The bug has been referenced in the following commit(s): https://gitweb.gentoo.org/repo/gentoo.git/commit/?id=5019cc7b54eb4bd2b33d0449446d0f3e6cd63f3c commit 5019cc7b54eb4bd2b33d0449446d0f3e6cd63f3c Author: Jorge Manuel B. S. Vicetto (jmbsvicetto) <jmbsvicetto@gentoo.org> AuthorDate: 2018-12-02 03:47:15 +0000 Commit: Jorge Manuel B. S. Vicetto (jmbsvicetto) <jmbsvicetto@gentoo.org> CommitDate: 2018-12-02 03:47:15 +0000 dev-db/phpmyadmin: Drop vulnerable release. Bug: http://bugs.gentoo.org/645700 Signed-off-by: Jorge Manuel B. S. Vicetto (jmbsvicetto) <jmbsvicetto@gentoo.org> Package-Manager: Portage-2.3.50, Repoman-2.3.11 dev-db/phpmyadmin/Manifest | 1 - dev-db/phpmyadmin/phpmyadmin-4.7.0.ebuild | 61 ------------------------------- 2 files changed, 62 deletions(-)

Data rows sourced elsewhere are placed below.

(* Let $D=(V,A)$ be a minimally Steiner rooted $k$-arc-connected $3$-regular directed graph with root $r$ and terminal set $S\subseteq V\setminus\{r\}$, and let $C\subseteq A$ be a directed cycle. For each $s\in S$, let $Q_s\subseteq A$ be an inclusionwise minimal set of arcs that is the arc-disjoint union of $k$ directed $r$-$s$ paths. Then (a) $C\subseteq\bigcup_{s\in S}Q_s$, and (b) $C\setminus Q_s\neq\emptyset$ for all $s\in S$.
   Context: Directed graphs are loopless, parallel arcs allowed. $D$ with root $r$ and terminals $S$ is Steiner rooted $k$-arc-connected if for every $s\in S$ there are $k$ pairwise arc-disjoint directed $r$-$s$ paths; it is minimally so if in addition deleting any arc destroys this property. $D$ is $3$-regular (with respect to $k$) if $r$ has in-degree $0$ and out-degree $k$, every terminal has in-degree $k$ and out-degree $0$, and every other vertex has in-degree plus out-degree $3$. *)

theory Defs
  imports "Graph_Theory.Graph_Theory"
begin

text \<open>Digraphs are Graph_Theory pre_digraphs (arcs are abstract objects, so parallel
arcs are allowed); directed paths are apath, directed cycles are cycle.\<close>

definition arc_disjoint_path_family ::
  "('a,'b) pre_digraph \<Rightarrow> 'a \<Rightarrow> 'a \<Rightarrow> nat \<Rightarrow> 'b list list \<Rightarrow> bool" where
  "arc_disjoint_path_family G r s k P \<longleftrightarrow>
     length P = k \<and> (\<forall>p\<in>set P. pre_digraph.apath G r p s) \<and>
     (\<forall>i<k. \<forall>j<k. i \<noteq> j \<longrightarrow> set (P ! i) \<inter> set (P ! j) = {})"

definition steiner_rooted_k_arc_connected ::
  "('a,'b) pre_digraph \<Rightarrow> 'a \<Rightarrow> 'a set \<Rightarrow> nat \<Rightarrow> bool" where
  "steiner_rooted_k_arc_connected G r S k \<longleftrightarrow>
     (\<forall>s\<in>S. \<exists>P. arc_disjoint_path_family G r s k P)"

definition minimally_steiner_rooted_k_arc_connected ::
  "('a,'b) pre_digraph \<Rightarrow> 'a \<Rightarrow> 'a set \<Rightarrow> nat \<Rightarrow> bool" where
  "minimally_steiner_rooted_k_arc_connected G r S k \<longleftrightarrow>
     steiner_rooted_k_arc_connected G r S k \<and>
     (\<forall>a\<in>arcs G. \<not> steiner_rooted_k_arc_connected (pre_digraph.del_arc G a) r S k)"

definition three_regular :: "('a,'b) pre_digraph \<Rightarrow> 'a \<Rightarrow> 'a set \<Rightarrow> nat \<Rightarrow> bool" where
  "three_regular G r S k \<longleftrightarrow>
     in_degree G r = 0 \<and> out_degree G r = k \<and>
     (\<forall>s\<in>S. in_degree G s = k \<and> out_degree G s = 0) \<and>
     (\<forall>v\<in>verts G - ({r} \<union> S). in_degree G v + out_degree G v = 3)"

definition is_arc_disjoint_path_union ::
  "('a,'b) pre_digraph \<Rightarrow> 'a \<Rightarrow> 'a \<Rightarrow> nat \<Rightarrow> 'b set \<Rightarrow> bool" where
  "is_arc_disjoint_path_union G r s k Q \<longleftrightarrow>
     (\<exists>P. arc_disjoint_path_family G r s k P \<and> Q = (\<Union>p\<in>set P. set p))"

definition minimal_arc_disjoint_path_union ::
  "('a,'b) pre_digraph \<Rightarrow> 'a \<Rightarrow> 'a \<Rightarrow> nat \<Rightarrow> 'b set \<Rightarrow> bool" where
  "minimal_arc_disjoint_path_union G r s k Q \<longleftrightarrow>
     is_arc_disjoint_path_union G r s k Q \<and>
     (\<forall>Q'. Q' \<subset> Q \<longrightarrow> \<not> is_arc_disjoint_path_union G r s k Q')"

end

theory Submission
  imports Defs
begin

text \<open>Part (a) holds for every arc: an arc outside all the \<open>Q s\<close> could be deleted without
destroying any of the path families, contradicting minimality. For part (b), in a family of
arc-disjoint \<open>r\<close>-\<open>s\<close> paths every vertex other than \<open>r\<close> is entered by at least as many arcs of
the family as leave it. A vertex of the cycle \<open>C\<close> is neither \<open>r\<close> (in-degree 0) nor a terminal
(out-degree 0), so it has degree 3. Hence if \<open>C \<subseteq> Q s\<close>, the only arc of \<open>Q s\<close> leaving a cycle
vertex is the cycle arc. A path of \<open>Q s\<close> through an arc of \<open>C\<close> then never leaves \<open>C\<close>, so its
end \<open>s\<close> lies on \<open>C\<close> and has an outgoing arc, which is impossible.\<close>

lemma apath_del_arc:
  assumes "pre_digraph.apath G u p v" "e \<notin> set p"
  shows "pre_digraph.apath (pre_digraph.del_arc G e) u p v"
proof -
  have "compatible G (pre_digraph.del_arc G e)"
    by (simp add: compatible_def pre_digraph.del_arc_simps)
  then show ?thesis
    using assms
    by (auto simp: pre_digraph.apath_def pre_digraph.awalk_def pre_digraph.del_arc_simps
        compatible_cas compatible_awalk_verts)
qed

context wf_digraph
begin

lemma cas_tails_subset_heads: "cas u p v \<Longrightarrow> tail G ` set p \<subseteq> insert u (head G ` set p)"
  using set_awalk_verts_cas[of u p v] awalk_verts_conv'[of u p v] by (cases p) auto

lemma cas_end_in_closed_set:
  assumes "cas u p w" "u \<in> X" "\<And>b. b \<in> set p \<Longrightarrow> tail G b \<in> X \<Longrightarrow> head G b \<in> X"
  shows "w \<in> X"
  using assms by (induct p arbitrary: u) auto

lemma apath_tail_inj_on: "apath u p v \<Longrightarrow> inj_on (tail G) (set p)"
  by (cases "p = []") (auto simp: apath_def awalk_verts_conv distinct_map)

lemma cycle_heads_eq_tails:
  assumes "cycle c" shows "head G ` set c = tail G ` set c"
proof -
  obtain u where cas: "cas u c u" and ne: "c \<noteq> []"
    using assms by (auto simp: cycle_def awalk_def)
  have first: "tail G (hd c) = u" using cas ne by (cases c) auto
  have last: "head G (last c) = u" using awlast_if_cas[OF cas] ne by (simp add: awalk_verts_conv)
  have "insert u (head G ` set c) = set (awalk_verts u c)"
    using awalk_verts_conv'[OF cas] ne first by simp
  also have "\<dots> = insert u (tail G ` set c)"
    using awalk_verts_conv[of u c] ne last by auto
  finally show ?thesis
    using first last ne by (metis hd_in_set last_in_set image_eqI insert_absorb)
qed

lemma arc_disjoint_path_family_apath:
  "arc_disjoint_path_family G r s k P \<Longrightarrow> p \<in> set P \<Longrightarrow> apath r p s"
  by (simp add: arc_disjoint_path_family_def)

lemma arc_disjoint_path_family_disjoint:
  assumes "arc_disjoint_path_family G r s k P" "p \<in> set P" "q \<in> set P" "p \<noteq> q"
  shows "set p \<inter> set q = {}"
proof -
  obtain i j where "i < length P" "j < length P" "P ! i = p" "P ! j = q"
    using assms(2,3) by (auto simp: in_set_conv_nth)
  with assms show ?thesis by (auto simp: arc_disjoint_path_family_def)
qed

lemma arc_disjoint_path_family_del_arc:
  "arc_disjoint_path_family G r s k P \<Longrightarrow> e \<notin> (\<Union>p\<in>set P. set p) \<Longrightarrow>
    arc_disjoint_path_family (del_arc e) r s k P"
  by (auto simp: arc_disjoint_path_family_def intro!: apath_del_arc)

lemma arc_disjoint_path_union_subset_arcs:
  "is_arc_disjoint_path_union G r s k Q \<Longrightarrow> Q \<subseteq> arcs G"
  by (force simp: is_arc_disjoint_path_union_def apath_def awalk_def
      dest: arc_disjoint_path_family_apath)

lemma arcs_subset_arc_disjoint_path_unions:
  assumes "minimally_steiner_rooted_k_arc_connected G r S k"
    and "\<forall>s\<in>S. is_arc_disjoint_path_union G r s k (Q s)"
  shows "arcs G \<subseteq> (\<Union>s\<in>S. Q s)"
proof
  fix e assume "e \<in> arcs G"
  then have "\<not> steiner_rooted_k_arc_connected (del_arc e) r S k"
    using assms(1) by (simp add: minimally_steiner_rooted_k_arc_connected_def)
  then obtain s where s: "s \<in> S" and no_family: "\<And>P. \<not> arc_disjoint_path_family (del_arc e) r s k P"
    unfolding steiner_rooted_k_arc_connected_def by blast
  obtain P where P: "arc_disjoint_path_family G r s k P" and Q: "Q s = (\<Union>p\<in>set P. set p)"
    using assms(2) s by (auto simp: is_arc_disjoint_path_union_def)
  have "e \<in> (\<Union>p\<in>set P. set p)"
    using no_family arc_disjoint_path_family_del_arc[OF P] by blast
  with s Q show "e \<in> (\<Union>s\<in>S. Q s)" by blast
qed

lemma arc_disjoint_path_union_card_out_le_in:
  assumes "is_arc_disjoint_path_union G r s k Q" "v \<noteq> r"
  shows "card (out_arcs G v \<inter> Q) \<le> card (in_arcs G v \<inter> Q)"
proof -
  obtain P where P: "arc_disjoint_path_family G r s k P" and Q: "Q = (\<Union>p\<in>set P. set p)"
    using assms(1) by (auto simp: is_arc_disjoint_path_union_def)
  have "\<forall>b\<in>out_arcs G v \<inter> Q. \<exists>f. \<exists>p\<in>set P. b \<in> set p \<and> f \<in> set p \<and> head G f = v"
  proof
    fix b assume b: "b \<in> out_arcs G v \<inter> Q"
    then obtain p where p: "p \<in> set P" "b \<in> set p" unfolding Q by blast
    have "cas r p s"
      using arc_disjoint_path_family_apath[OF P p(1)] by (simp add: apath_def awalk_def)
    then have "tail G b \<in> insert r (head G ` set p)"
      using cas_tails_subset_heads p(2) by blast
    moreover have "tail G b = v" using b by simp
    ultimately obtain f where "f \<in> set p" "head G f = v" using assms(2) by auto
    then show "\<exists>f. \<exists>p\<in>set P. b \<in> set p \<and> f \<in> set p \<and> head G f = v" using p by blast
  qed
  from bchoice[OF this] obtain g where
    g: "\<forall>b\<in>out_arcs G v \<inter> Q. \<exists>p\<in>set P. b \<in> set p \<and> g b \<in> set p \<and> head G (g b) = v"
    by blast
  have "inj_on g (out_arcs G v \<inter> Q)"
  proof (rule inj_onI)
    fix b b' assume b: "b \<in> out_arcs G v \<inter> Q" and b': "b' \<in> out_arcs G v \<inter> Q"
      and "g b = g b'"
    obtain p where p: "p \<in> set P" "b \<in> set p" "g b \<in> set p" using g b by blast
    obtain p' where p': "p' \<in> set P" "b' \<in> set p'" "g b' \<in> set p'" using g b' by blast
    have "g b \<in> set p \<inter> set p'" using p(3) p'(3) \<open>g b = g b'\<close> by simp
    then have "p = p'" using arc_disjoint_path_family_disjoint[OF P p(1) p'(1)] by auto
    moreover have "tail G b = tail G b'" using b b' by simp
    ultimately show "b = b'"
      using apath_tail_inj_on[OF arc_disjoint_path_family_apath[OF P p(1)]] p(2) p'(2)
      by (simp add: inj_on_def)
  qed
  moreover have "g ` (out_arcs G v \<inter> Q) \<subseteq> in_arcs G v \<inter> Q"
  proof (rule image_subsetI)
    fix b assume "b \<in> out_arcs G v \<inter> Q"
    then obtain p where "p \<in> set P" "g b \<in> set p" "head G (g b) = v" using g by blast
    moreover have "Q \<subseteq> arcs G" using arc_disjoint_path_union_subset_arcs[OF assms(1)] .
    ultimately show "g b \<in> in_arcs G v \<inter> Q" using Q by auto
  qed
  moreover have "finite (in_arcs G v \<inter> Q)" using Q by simp
  ultimately show ?thesis by (rule card_inj_on_le)
qed

end

context fin_digraph
begin

lemma cycle_vertex_degrees_pos:
  assumes "cycle c" "v \<in> tail G ` set c"
  shows "0 < in_degree G v" "0 < out_degree G v"
proof -
  have "set c \<subseteq> arcs G" using assms(1) by (auto simp: cycle_def awalk_def)
  moreover have "v \<in> head G ` set c" using assms cycle_heads_eq_tails by blast
  ultimately have "in_arcs G v \<noteq> {}" "out_arcs G v \<noteq> {}"
    using assms(2) by (auto simp: in_arcs_def out_arcs_def)
  then show "0 < in_degree G v" "0 < out_degree G v"
    by (auto simp: in_degree_def out_degree_def card_gt_0_iff)
qed

lemma three_regular_cycle_vertex_degree:
  assumes "three_regular G r S k" "cycle c" "v \<in> tail G ` set c"
  shows "in_degree G v + out_degree G v = 3"
proof -
  have "v \<in> verts G" using assms(2,3) by (auto simp: cycle_def awalk_def)
  moreover have "v \<noteq> r" "v \<notin> S"
    using assms cycle_vertex_degrees_pos[OF assms(2,3)] by (auto simp: three_regular_def)
  ultimately show ?thesis using assms(1) by (simp add: three_regular_def)
qed

text \<open>Two arcs of \<open>Q\<close> leaving \<open>v\<close> would force two arcs of \<open>Q\<close> entering it, i.e. degree at least 4.\<close>
lemma three_regular_path_union_arc_from_cycle:
  assumes "three_regular G r S k" "is_arc_disjoint_path_union G r s k Q"
    and "cycle c" "set c \<subseteq> Q" "b \<in> Q" "tail G b \<in> tail G ` set c"
  shows "b \<in> set c"
proof (rule ccontr)
  assume "b \<notin> set c"
  define v where "v = tail G b"
  obtain e where e: "e \<in> set c" "tail G e = v" using assms(6) v_def by auto
  have "v \<noteq> r"
    using assms(1) cycle_vertex_degrees_pos[OF assms(3)] assms(6) v_def
    by (fastforce simp: three_regular_def)
  have Q_arcs: "Q \<subseteq> arcs G" using arc_disjoint_path_union_subset_arcs[OF assms(2)] .
  have "card {b, e} \<le> card (out_arcs G v \<inter> Q)"
    using e assms(4,5) Q_arcs v_def finite_out_arcs by (intro card_mono) auto
  moreover have "b \<noteq> e" using e(1) \<open>b \<notin> set c\<close> by blast
  ultimately have out2: "2 \<le> card (out_arcs G v \<inter> Q)" by simp
  also have "\<dots> \<le> out_degree G v"
    unfolding out_degree_def by (intro card_mono) auto
  finally have "2 \<le> out_degree G v" .
  moreover have "2 \<le> in_degree G v"
  proof -
    note out2
    also have "card (out_arcs G v \<inter> Q) \<le> card (in_arcs G v \<inter> Q)"
      using arc_disjoint_path_union_card_out_le_in[OF assms(2) \<open>v \<noteq> r\<close>] .
    also have "\<dots> \<le> in_degree G v"
      unfolding in_degree_def by (intro card_mono) auto
    finally show ?thesis .
  qed
  ultimately show False
    using three_regular_cycle_vertex_degree[OF assms(1,3,6)] v_def by simp
qed

lemma three_regular_cycle_not_subset_path_union:
  assumes "three_regular G r S k" "s \<in> S" "is_arc_disjoint_path_union G r s k Q" "cycle c"
  shows "\<not> set c \<subseteq> Q"
proof
  assume cQ: "set c \<subseteq> Q"
  obtain P where P: "arc_disjoint_path_family G r s k P" and Q: "Q = (\<Union>p\<in>set P. set p)"
    using assms(3) by (auto simp: is_arc_disjoint_path_union_def)
  obtain e where e: "e \<in> set c" using assms(4) hd_in_set unfolding cycle_def by blast
  then obtain p where p: "p \<in> set P" "e \<in> set p" using cQ Q by auto
  then obtain xs ys where "p = xs @ e # ys" by (meson split_list)
  moreover have "cas r p s"
    using arc_disjoint_path_family_apath[OF P p(1)] by (simp add: apath_def awalk_def)
  ultimately have "cas (head G e) ys s" by simp
  then have "s \<in> tail G ` set c"
  proof (rule cas_end_in_closed_set)
    show "head G e \<in> tail G ` set c" using e cycle_heads_eq_tails[OF assms(4)] by blast
    fix b assume b: "b \<in> set ys" "tail G b \<in> tail G ` set c"
    have "b \<in> set p" using b(1) \<open>p = xs @ e # ys\<close> by simp
    then have "b \<in> Q" using p(1) Q by blast
    then have "b \<in> set c"
      by (rule three_regular_path_union_arc_from_cycle[OF assms(1,3,4) cQ _ b(2)])
    then show "head G b \<in> tail G ` set c" using cycle_heads_eq_tails[OF assms(4)] by blast
  qed
  then have "0 < out_degree G s" using cycle_vertex_degrees_pos[OF assms(4)] by blast
  then show False using assms(1,2) by (simp add: three_regular_def)
qed

end

theorem lemma2p8:
  fixes G :: "('a,'b) pre_digraph" and r :: 'a and S :: "'a set" and k :: nat
    and c :: "'b list" and Q :: "'a \<Rightarrow> 'b set"
  assumes "fin_digraph G" and "loopfree_digraph G"
    and "r \<in> verts G" and "S \<subseteq> verts G - {r}"
    and "minimally_steiner_rooted_k_arc_connected G r S k"
    and "three_regular G r S k"
    and "pre_digraph.cycle G c"
    and "\<forall>s\<in>S. minimal_arc_disjoint_path_union G r s k (Q s)"
  shows "set c \<subseteq> (\<Union>s\<in>S. Q s) \<and> (\<forall>s\<in>S. set c - Q s \<noteq> {})"
proof -
  interpret fin_digraph G by fact
  have unions: "\<forall>s\<in>S. is_arc_disjoint_path_union G r s k (Q s)"
    using assms(8) by (simp add: minimal_arc_disjoint_path_union_def)
  have "set c \<subseteq> arcs G" using assms(7) by (auto simp: cycle_def awalk_def)
  also have "\<dots> \<subseteq> (\<Union>s\<in>S. Q s)"
    using arcs_subset_arc_disjoint_path_unions[OF assms(5) unions] .
  finally show ?thesis
    using three_regular_cycle_not_subset_path_union[OF assms(6) _ _ assms(7)] unions by blast
qed

end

(In reply to Larry the Git Cow from comment #13) > The bug has been referenced in the following commit(s): > > https://gitweb.gentoo.org/repo/gentoo.git/commit/ > ?id=5019cc7b54eb4bd2b33d0449446d0f3e6cd63f3c > > commit 5019cc7b54eb4bd2b33d0449446d0f3e6cd63f3c > Author: Jorge Manuel B. S. Vicetto (jmbsvicetto) <jmbsvicetto@gentoo.org> > AuthorDate: 2018-12-02 03:47:15 +0000 > Commit: Jorge Manuel B. S. Vicetto (jmbsvicetto) <jmbsvicetto@gentoo.org> > CommitDate: 2018-12-02 03:47:15 +0000 > > dev-db/phpmyadmin: Drop vulnerable release. > > Bug: http://bugs.gentoo.org/645700 > Signed-off-by: Jorge Manuel B. S. Vicetto (jmbsvicetto) > <jmbsvicetto@gentoo.org> > Package-Manager: Portage-2.3.50, Repoman-2.3.11 > > dev-db/phpmyadmin/Manifest | 1 - > dev-db/phpmyadmin/phpmyadmin-4.7.0.ebuild | 61 > ------------------------------- > 2 files changed, 62 deletions(-) Thank you, Jorge!